Адские штучки - Наталья Рубанова 5 стр.


Сначала из глины, затем из воска… офтальмологические протезы, заказанные в спецклинике… Волоски, один за другим – и так несколько тысяч, – вплавленные в восковой череп "железной леди"… Корректировка морщинок и пор… Когда же с этими и прочими чудесами было кончено, Мастер – "Ну-ка, куколка… – Умри, грязный садик!.." – подцепил кроху пинцетом и закрепил в свежеотлитой женской головке. Фигура экс-премьер-министра, как впишут позднее в Живую Жижу, "имела ультрамегасуперуспех" у публички-дуры, что, впрочем, не помешало Мастеру убраться аккурат после выставки: по словам реанимационной сестрицы, покойный повторял непрестанно, – вот я и запомнила, – одно лишь "В ушную раковину Бога шепни всего четыре слога: "Прости меня"", – мадам искренне верила, будто и это, и это тоже дело рук Пушкина.

[Снег на даче]
этюд между пальцами для левой руки

– Мне нужна твоя любовь! – пробаритонил многозначительно Очередной-С-Претензией-На-Интеллект.

Меня как током ударило, и, чтобы не сказать что-нибудь обидное, я набрала в легкие побольше воздуха, досчитав до одиннадцати.

– Мне, – он акцентировал, – нужна твоя… – я прикрыла ему рот ладонью:

– Давай чай пить. Остынет.

Очередной-С-Претензией-На-Интеллект сел напротив, и посмотрел какбывлюбленными глазами то ли в мое лицо, то ли в стоящую на возвышении тарелку с песочным печеньем – "в", а не "на", и это был просто предлог.

– Восхитительно! – пробаритонил, и я снова не уловила, к кому-чему именно относится восклицание.
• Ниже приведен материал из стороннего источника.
(* Let $\mathcal G=((V,E),(V_1,V_2,V_\Diamond),\delta,w)$ be a stochastic game and let $\mathsf r$ be a real vector indexed by $V$ that satisfies the Bellman condition, with classes $C_1,\dots,C_k$. Let $i\in\{1,2\}$ and suppose Player $i$ follows a strategy such that, each time the token is on a vertex $v\in V_i$, the chosen successor lies in the same class as $v$. Then, for every initial vertex and every strategy of the other player, with probability $1$ the token eventually reaches a class $C_j$ (for some $1\le j\le k$) which it never leaves afterwards.
   Context: A stochastic game is $\mathcal{G}=((V,E),(V_1,V_2,V_\Diamond),\delta,w)$: a finite directed graph $(V,E)$ in which every vertex $v$ has a nonempty out-neighbour set $E(v)$, a partition of $V$ into Player 1, Player 2 and probabilistic vertices, a function $\delta$ giving each $v\in V_\Diamond$ a probability distribution $\delta(v)$ on $E(v)$, positive on every out-neighbour, and payoffs $w:E\to\mathbb{Q}$. The game proceeds by moving a token: from $v\in V_i$ Player $i$ chooses a successor, from $v\in V_\Diamond$ the successor $v'$ is chosen with probability $\delta(v)(v')$. Strategies are (deterministic) functions from finite histories ending in $V_i$ to successors; a strategy pair and initial vertex induce a probability measure on plays. For a real vector $\mathsf r=(r_v)_{v\in V}$, its classes $C_1,\dots,C_k$ are the maximal nonempty sets of vertices on which $\mathsf r$ is constant. $\mathsf r$ satisfies the Bellman condition if for every $v$: $r_v=\max_{v'\in E(v)}r_{v'}$ if $v\in V_1$, $r_v=\min_{v'\in E(v)}r_{v'}$ if $v\in V_2$, $r_v=\sum_{v'\in E(v)}\delta(v)(v')r_{v'}$ if $v\in V_\Diamond$. *)

theory Defs
  imports "HOL-Probability.Probability"
begin

text \<open>The payoff function w is irrelevant for the statement and omitted.\<close>
definition stochastic_game ::
  "'v set \<Rightarrow> ('v \<times> 'v) set \<Rightarrow> 'v set \<Rightarrow> 'v set \<Rightarrow> 'v set \<Rightarrow> ('v \<Rightarrow> 'v pmf) \<Rightarrow> bool" where
  "stochastic_game V E V1 V2 VP \<delta> \<longleftrightarrow>
     finite V \<and> E \<subseteq> V \<times> V \<and> (\<forall>v\<in>V. E `` {v} \<noteq> {}) \<and>
     V1 \<union> V2 \<union> VP = V \<and> V1 \<inter> V2 = {} \<and> V1 \<inter> VP = {} \<and> V2 \<inter> VP = {} \<and>
     (\<forall>v\<in>VP. set_pmf (\<delta> v) = E `` {v})"

definition is_history :: "'v set \<Rightarrow> ('v \<times> 'v) set \<Rightarrow> 'v list \<Rightarrow> bool" where
  "is_history V E h \<longleftrightarrow> h \<noteq> [] \<and> set h \<subseteq> V \<and>
     (\<forall>k. Suc k < length h \<longrightarrow> (h ! k, h ! Suc k) \<in> E)"

definition strategy :: "'v set \<Rightarrow> ('v \<times> 'v) set \<Rightarrow> 'v set \<Rightarrow> ('v list \<Rightarrow> 'v) \<Rightarrow> bool" where
  "strategy V E Vi \<sigma> \<longleftrightarrow> (\<forall>h. is_history V E h \<and> last h \<in> Vi \<longrightarrow> (last h, \<sigma> h) \<in> E)"
lemma psd_eq_sum_outer:
  fixes X :: "real^'n^'n"
  assumes "psd X"
  shows "\<exists>(m::nat) v. X = (\<Sum>k<m. outer (v k))"
  using assms
proof (induction "card {k. X $ k $ k \<noteq> 0}" arbitrary: X rule: less_induct)
  case less
  show ?case
  proof (cases "\<exists>j. X $ j $ j \<noteq> 0")
    case False
    then have "X = (\<Sum>k<0::nat. outer (v k))" for v
      using psd_zero_diag[OF less.prems] by (simp add: vec_eq_iff lessThan_0)
    then show ?thesis by blast
  next
    case True
    then obtain j where j: "X $ j $ j \<noteq> 0" ..
    then have d: "0 < X $ j $ j"
      using psd_diag_nonneg[OF less.prems, of j] by simp
    define u where "u = (1 / sqrt (X $ j $ j)) *s column j X"
    have "{k. (X - outer u) $ k $ k \<noteq> 0} \<subseteq> {k. X $ k $ k \<noteq> 0} - {j}"
      unfolding u_def by (rule diag_support_diff_outer_column[OF less.prems d])
    then have "card {k. (X - outer u) $ k $ k \<noteq> 0} \<le> card ({k. X $ k $ k \<noteq> 0} - {j})"
      by (intro card_mono) auto
    also have "\<dots> < card {k. X $ k $ k \<noteq> 0}"
      using j by (intro card_Diff1_less) auto
    finally obtain m :: nat and v where "X - outer u = (\<Sum>k<m. outer (v k))"
      using less.hyps psd_diff_outer_column[OF less.prems d] unfolding u_def by blast
    moreover have "(\<Sum>k<Suc m. outer ((v(m := u)) k)) = (\<Sum>k<m. outer (v k)) + outer u"
      by (simp add: sum.lessThan_Suc)
    ultimately have "X = (\<Sum>k<Suc m. outer ((v(m := u)) k))"
      by (metis diff_add_cancel)
    then show ?thesis by blast
  qed
qed

lemma det_rows_sum:
  fixes a :: "'n \<Rightarrow> 'b \<Rightarrow> 'a::comm_ring_1^'n"
  assumes "finite J"
  shows "det (\<chi> i. \<Sum>j\<in>J. a i j) = (\<Sum>f\<in>{f. \<forall>i. f i \<in> J}. det (\<chi> i. a i (f i)))"
proof -
  have PiE: "PiE UNIV (\<lambda>_. J) = {f. \<forall>i. f i \<in> J}"
    by (auto simp: PiE_def Pi_def extensional_def)
  have "det (\<chi> i. \<Sum>j\<in>J. a i j) =
      (\<Sum>p\<in>{p. p permutes UNIV}. of_int (sign p) * (\<Prod>i\<in>UNIV. \<Sum>j\<in>J. a i j $ p i))"
    by (simp add: det_def sum_component)
  also have "\<dots> = (\<Sum>p\<in>{p. p permutes UNIV}. \<Sum>f\<in>{f. \<forall>i. f i \<in> J}.
      of_int (sign p) * (\<Prod>i\<in>UNIV. a i (f i) $ p i))"
    by (simp add: prod_sum_PiE assms PiE sum_distrib_left)
  also have "\<dots> = (\<Sum>f\<in>{f. \<forall>i. f i \<in> J}. det (\<chi> i. a i (f i)))"
    by (subst sum.swap) (simp add: det_def)
  finally show ?thesis .
qed

definition det_outer_term :: "('b \<Rightarrow> real^'n) \<Rightarrow> ('n \<Rightarrow> 'b) \<Rightarrow> real" where
  "det_outer_term u f = (\<Prod>i\<in>UNIV. u (f i) $ i) * det (\<chi> i. u (f i))"

lemma det_sum_outer:
  fixes u :: "'b \<Rightarrow> real^'n"
  assumes "finite J"
  shows "det (\<Sum>j\<in>J. outer (u j)) = (\<Sum>f\<in>{f. \<forall>i. f i \<in> J}. det_outer_term u f)"
proof -
  have "(\<Sum>j\<in>J. outer (u j)) = (\<chi> i. \<Sum>j\<in>J. (u j $ i) *s u j)"
    by (simp add: vec_eq_iff sum_component)
  then show ?thesis
    by (simp add: det_rows_sum[OF assms] det_rows_mul det_outer_term_def)
qed

lemma sum_permutes_det_outer_term:
  fixes u :: "'b \<Rightarrow> real^'n"
  shows "(\<Sum>p\<in>{p. p permutes UNIV}. det_outer_term u (f \<circ> p)) = (det (\<chi> i. u (f i)))\<^sup>2"
proof -
  define G where "G = ((\<chi> i. u (f i)) :: real^'n^'n)"
  have "det_outer_term u (f \<circ> p) = det G * (of_int (sign p) * (\<Prod>i\<in>UNIV. transpose G $ i $ p i))"
    if "p permutes UNIV" for p
  proof -
    have "det (\<chi> i. u ((f \<circ> p) i)) = of_int (sign p) * det G"
      using det_permute_rows[OF that, of G] by (simp add: G_def)
    then show ?thesis
      by (simp add: det_outer_term_def transpose_def G_def)
  qed
  then have "(\<Sum>p\<in>{p. p permutes UNIV}. det_outer_term u (f \<circ> p)) = det G * det (transpose G)"
    by (simp add: det_def sum_distrib_left)
  then show ?thesis
    by (simp add: G_def det_transpose power2_eq_square)
qed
Он долго дул в чашку, потом основательно намазывал масло на то самое лакомство и еще дольше поглощал его.

– Изумительно! – прожевал, наконец. – А молока нет?

– Нет.

Он почесал затылок и прошел в ванную. Я, зевая, пилила ногти, слыша, как фырчит вода, и как кто-то фырчит в унисон.

Очередной-С-Претензией-На-Интеллект вышел в моем халате и попытался; я увернулась, отмазываясь накрашенными ногтями. Впрочем, он не казался расстроенным, даже наоборот:

– Молока нет?

– Нет, не пью я его.

…Он долго одевался, брился, целовал мне руки, говорил пафосно и какбыискренне. Однако третий вопрос о молоке поверг меня в уныние:

– Нет. Ты уже спрашивал. Забыл?

– Забыл… – топчется в прихожей, смеется чему-то. – Так я поеду?

– Так поезжай.

– Я обязательно скоро появлюсь! – будто успокаивает себя.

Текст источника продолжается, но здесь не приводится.